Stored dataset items
※
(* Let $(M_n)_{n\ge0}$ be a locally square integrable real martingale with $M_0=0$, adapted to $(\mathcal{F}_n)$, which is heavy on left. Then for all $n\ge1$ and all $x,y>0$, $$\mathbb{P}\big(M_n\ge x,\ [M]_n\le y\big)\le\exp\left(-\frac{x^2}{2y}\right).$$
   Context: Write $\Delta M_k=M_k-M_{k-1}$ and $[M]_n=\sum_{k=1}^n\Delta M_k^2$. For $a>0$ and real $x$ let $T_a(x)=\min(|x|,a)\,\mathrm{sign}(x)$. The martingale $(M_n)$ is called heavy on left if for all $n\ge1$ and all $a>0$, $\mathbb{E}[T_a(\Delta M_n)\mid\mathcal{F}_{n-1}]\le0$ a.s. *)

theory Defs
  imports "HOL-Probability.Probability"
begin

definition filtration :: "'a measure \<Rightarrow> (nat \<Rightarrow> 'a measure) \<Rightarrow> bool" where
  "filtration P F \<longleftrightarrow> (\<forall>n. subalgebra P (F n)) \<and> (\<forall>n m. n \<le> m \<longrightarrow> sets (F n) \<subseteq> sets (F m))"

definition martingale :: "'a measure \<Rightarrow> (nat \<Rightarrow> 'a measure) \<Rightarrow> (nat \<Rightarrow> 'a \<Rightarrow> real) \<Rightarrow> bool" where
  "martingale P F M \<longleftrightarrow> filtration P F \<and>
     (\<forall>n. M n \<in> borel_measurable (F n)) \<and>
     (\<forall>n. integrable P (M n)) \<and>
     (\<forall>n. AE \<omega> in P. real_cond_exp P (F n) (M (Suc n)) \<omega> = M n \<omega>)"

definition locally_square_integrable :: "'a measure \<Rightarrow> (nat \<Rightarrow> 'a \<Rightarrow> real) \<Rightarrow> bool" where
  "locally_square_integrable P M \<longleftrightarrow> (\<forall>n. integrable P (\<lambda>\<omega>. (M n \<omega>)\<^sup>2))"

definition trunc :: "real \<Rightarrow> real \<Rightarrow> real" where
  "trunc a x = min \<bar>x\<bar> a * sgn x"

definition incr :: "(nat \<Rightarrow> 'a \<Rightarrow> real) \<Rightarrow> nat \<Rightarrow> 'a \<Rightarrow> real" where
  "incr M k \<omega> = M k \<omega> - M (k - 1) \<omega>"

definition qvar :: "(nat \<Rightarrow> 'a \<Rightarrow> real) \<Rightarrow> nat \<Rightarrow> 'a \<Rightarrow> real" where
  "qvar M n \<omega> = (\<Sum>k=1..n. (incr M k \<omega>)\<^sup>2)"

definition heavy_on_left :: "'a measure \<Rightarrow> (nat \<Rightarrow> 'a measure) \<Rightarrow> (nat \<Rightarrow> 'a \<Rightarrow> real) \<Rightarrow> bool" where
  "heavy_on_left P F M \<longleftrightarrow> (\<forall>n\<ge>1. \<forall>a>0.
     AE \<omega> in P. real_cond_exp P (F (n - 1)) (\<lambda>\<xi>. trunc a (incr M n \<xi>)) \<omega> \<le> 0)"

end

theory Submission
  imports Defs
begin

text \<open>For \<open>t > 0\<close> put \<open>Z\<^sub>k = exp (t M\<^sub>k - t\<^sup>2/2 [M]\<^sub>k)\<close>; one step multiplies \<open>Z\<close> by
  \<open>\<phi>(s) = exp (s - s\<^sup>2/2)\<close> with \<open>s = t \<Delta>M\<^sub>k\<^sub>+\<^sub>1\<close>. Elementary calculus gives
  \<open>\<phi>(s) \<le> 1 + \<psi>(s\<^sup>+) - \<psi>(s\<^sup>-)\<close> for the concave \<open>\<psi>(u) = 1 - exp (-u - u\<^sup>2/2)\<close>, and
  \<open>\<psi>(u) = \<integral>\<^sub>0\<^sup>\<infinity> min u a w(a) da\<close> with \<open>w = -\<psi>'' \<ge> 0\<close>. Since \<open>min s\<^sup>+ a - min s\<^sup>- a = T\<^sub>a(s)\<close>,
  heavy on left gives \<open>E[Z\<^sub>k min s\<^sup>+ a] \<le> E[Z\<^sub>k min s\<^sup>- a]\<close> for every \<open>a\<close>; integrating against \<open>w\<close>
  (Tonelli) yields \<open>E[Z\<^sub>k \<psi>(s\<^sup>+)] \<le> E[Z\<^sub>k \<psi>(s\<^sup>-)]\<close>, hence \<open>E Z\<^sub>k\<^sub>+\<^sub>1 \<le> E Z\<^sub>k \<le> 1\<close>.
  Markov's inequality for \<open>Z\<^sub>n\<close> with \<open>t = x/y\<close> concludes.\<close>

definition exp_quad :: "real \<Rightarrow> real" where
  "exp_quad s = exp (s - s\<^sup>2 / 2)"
※
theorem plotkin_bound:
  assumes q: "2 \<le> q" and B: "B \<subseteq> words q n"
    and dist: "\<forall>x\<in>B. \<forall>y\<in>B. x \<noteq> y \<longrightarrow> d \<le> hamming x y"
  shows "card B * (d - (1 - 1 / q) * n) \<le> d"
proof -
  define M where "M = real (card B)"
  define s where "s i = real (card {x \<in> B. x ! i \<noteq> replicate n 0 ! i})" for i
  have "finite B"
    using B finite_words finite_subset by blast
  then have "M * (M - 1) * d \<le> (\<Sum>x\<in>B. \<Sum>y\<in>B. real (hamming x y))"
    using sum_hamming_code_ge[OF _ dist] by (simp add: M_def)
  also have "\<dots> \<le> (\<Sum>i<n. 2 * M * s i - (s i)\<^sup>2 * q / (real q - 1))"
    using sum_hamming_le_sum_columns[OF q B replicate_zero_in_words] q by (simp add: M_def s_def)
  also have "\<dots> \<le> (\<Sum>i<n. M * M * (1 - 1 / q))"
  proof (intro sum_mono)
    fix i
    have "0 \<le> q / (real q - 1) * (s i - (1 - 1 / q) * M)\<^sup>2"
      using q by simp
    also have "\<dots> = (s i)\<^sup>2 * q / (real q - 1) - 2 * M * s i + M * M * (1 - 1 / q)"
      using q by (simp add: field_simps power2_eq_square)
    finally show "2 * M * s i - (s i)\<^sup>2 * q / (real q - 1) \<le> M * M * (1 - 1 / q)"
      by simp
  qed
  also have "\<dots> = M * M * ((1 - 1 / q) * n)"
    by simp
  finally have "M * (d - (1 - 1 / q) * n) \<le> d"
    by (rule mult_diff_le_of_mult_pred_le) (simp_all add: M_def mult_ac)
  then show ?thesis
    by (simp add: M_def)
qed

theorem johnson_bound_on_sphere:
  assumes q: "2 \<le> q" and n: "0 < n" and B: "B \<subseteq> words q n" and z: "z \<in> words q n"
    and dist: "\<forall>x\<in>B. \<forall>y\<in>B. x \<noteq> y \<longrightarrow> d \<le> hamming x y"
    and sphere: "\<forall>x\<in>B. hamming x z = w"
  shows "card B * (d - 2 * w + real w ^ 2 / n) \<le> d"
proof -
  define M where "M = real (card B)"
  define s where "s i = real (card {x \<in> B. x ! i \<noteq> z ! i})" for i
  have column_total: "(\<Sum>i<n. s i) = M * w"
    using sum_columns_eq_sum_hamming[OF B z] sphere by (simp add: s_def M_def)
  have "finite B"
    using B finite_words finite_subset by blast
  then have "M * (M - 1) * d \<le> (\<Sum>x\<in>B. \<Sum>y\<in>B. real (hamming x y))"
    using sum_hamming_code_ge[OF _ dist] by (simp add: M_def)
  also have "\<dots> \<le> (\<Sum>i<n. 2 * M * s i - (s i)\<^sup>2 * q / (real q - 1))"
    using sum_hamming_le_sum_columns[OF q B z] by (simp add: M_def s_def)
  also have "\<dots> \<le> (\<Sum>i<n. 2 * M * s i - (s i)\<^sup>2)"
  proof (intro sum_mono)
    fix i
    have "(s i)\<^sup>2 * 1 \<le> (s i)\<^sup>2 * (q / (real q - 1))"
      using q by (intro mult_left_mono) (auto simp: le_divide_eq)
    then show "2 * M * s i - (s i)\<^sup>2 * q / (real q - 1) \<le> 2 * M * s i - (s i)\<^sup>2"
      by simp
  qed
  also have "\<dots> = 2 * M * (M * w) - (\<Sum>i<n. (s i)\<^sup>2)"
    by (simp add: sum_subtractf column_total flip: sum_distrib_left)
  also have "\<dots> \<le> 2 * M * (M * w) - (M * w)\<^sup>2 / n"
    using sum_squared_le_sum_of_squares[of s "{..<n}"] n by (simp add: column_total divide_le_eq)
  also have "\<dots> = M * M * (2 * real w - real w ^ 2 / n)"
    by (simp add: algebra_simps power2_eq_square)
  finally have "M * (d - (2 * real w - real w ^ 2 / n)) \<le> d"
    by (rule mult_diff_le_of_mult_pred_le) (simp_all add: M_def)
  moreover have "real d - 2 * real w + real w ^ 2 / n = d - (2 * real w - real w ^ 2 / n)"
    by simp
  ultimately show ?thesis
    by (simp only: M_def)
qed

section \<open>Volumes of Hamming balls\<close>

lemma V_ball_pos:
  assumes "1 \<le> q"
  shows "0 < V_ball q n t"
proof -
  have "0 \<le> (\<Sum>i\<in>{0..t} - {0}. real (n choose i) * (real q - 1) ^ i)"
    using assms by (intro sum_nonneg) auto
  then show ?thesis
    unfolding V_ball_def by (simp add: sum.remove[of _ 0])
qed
※
Which lines above include the word "shows"? Show each one.

  shows "card B * (d - (1 - 1 / q) * n) \<le> d"
  shows "card B * (d - 2 * w + real w ^ 2 / n) \<le> d"
  shows "0 < V_ball q n t"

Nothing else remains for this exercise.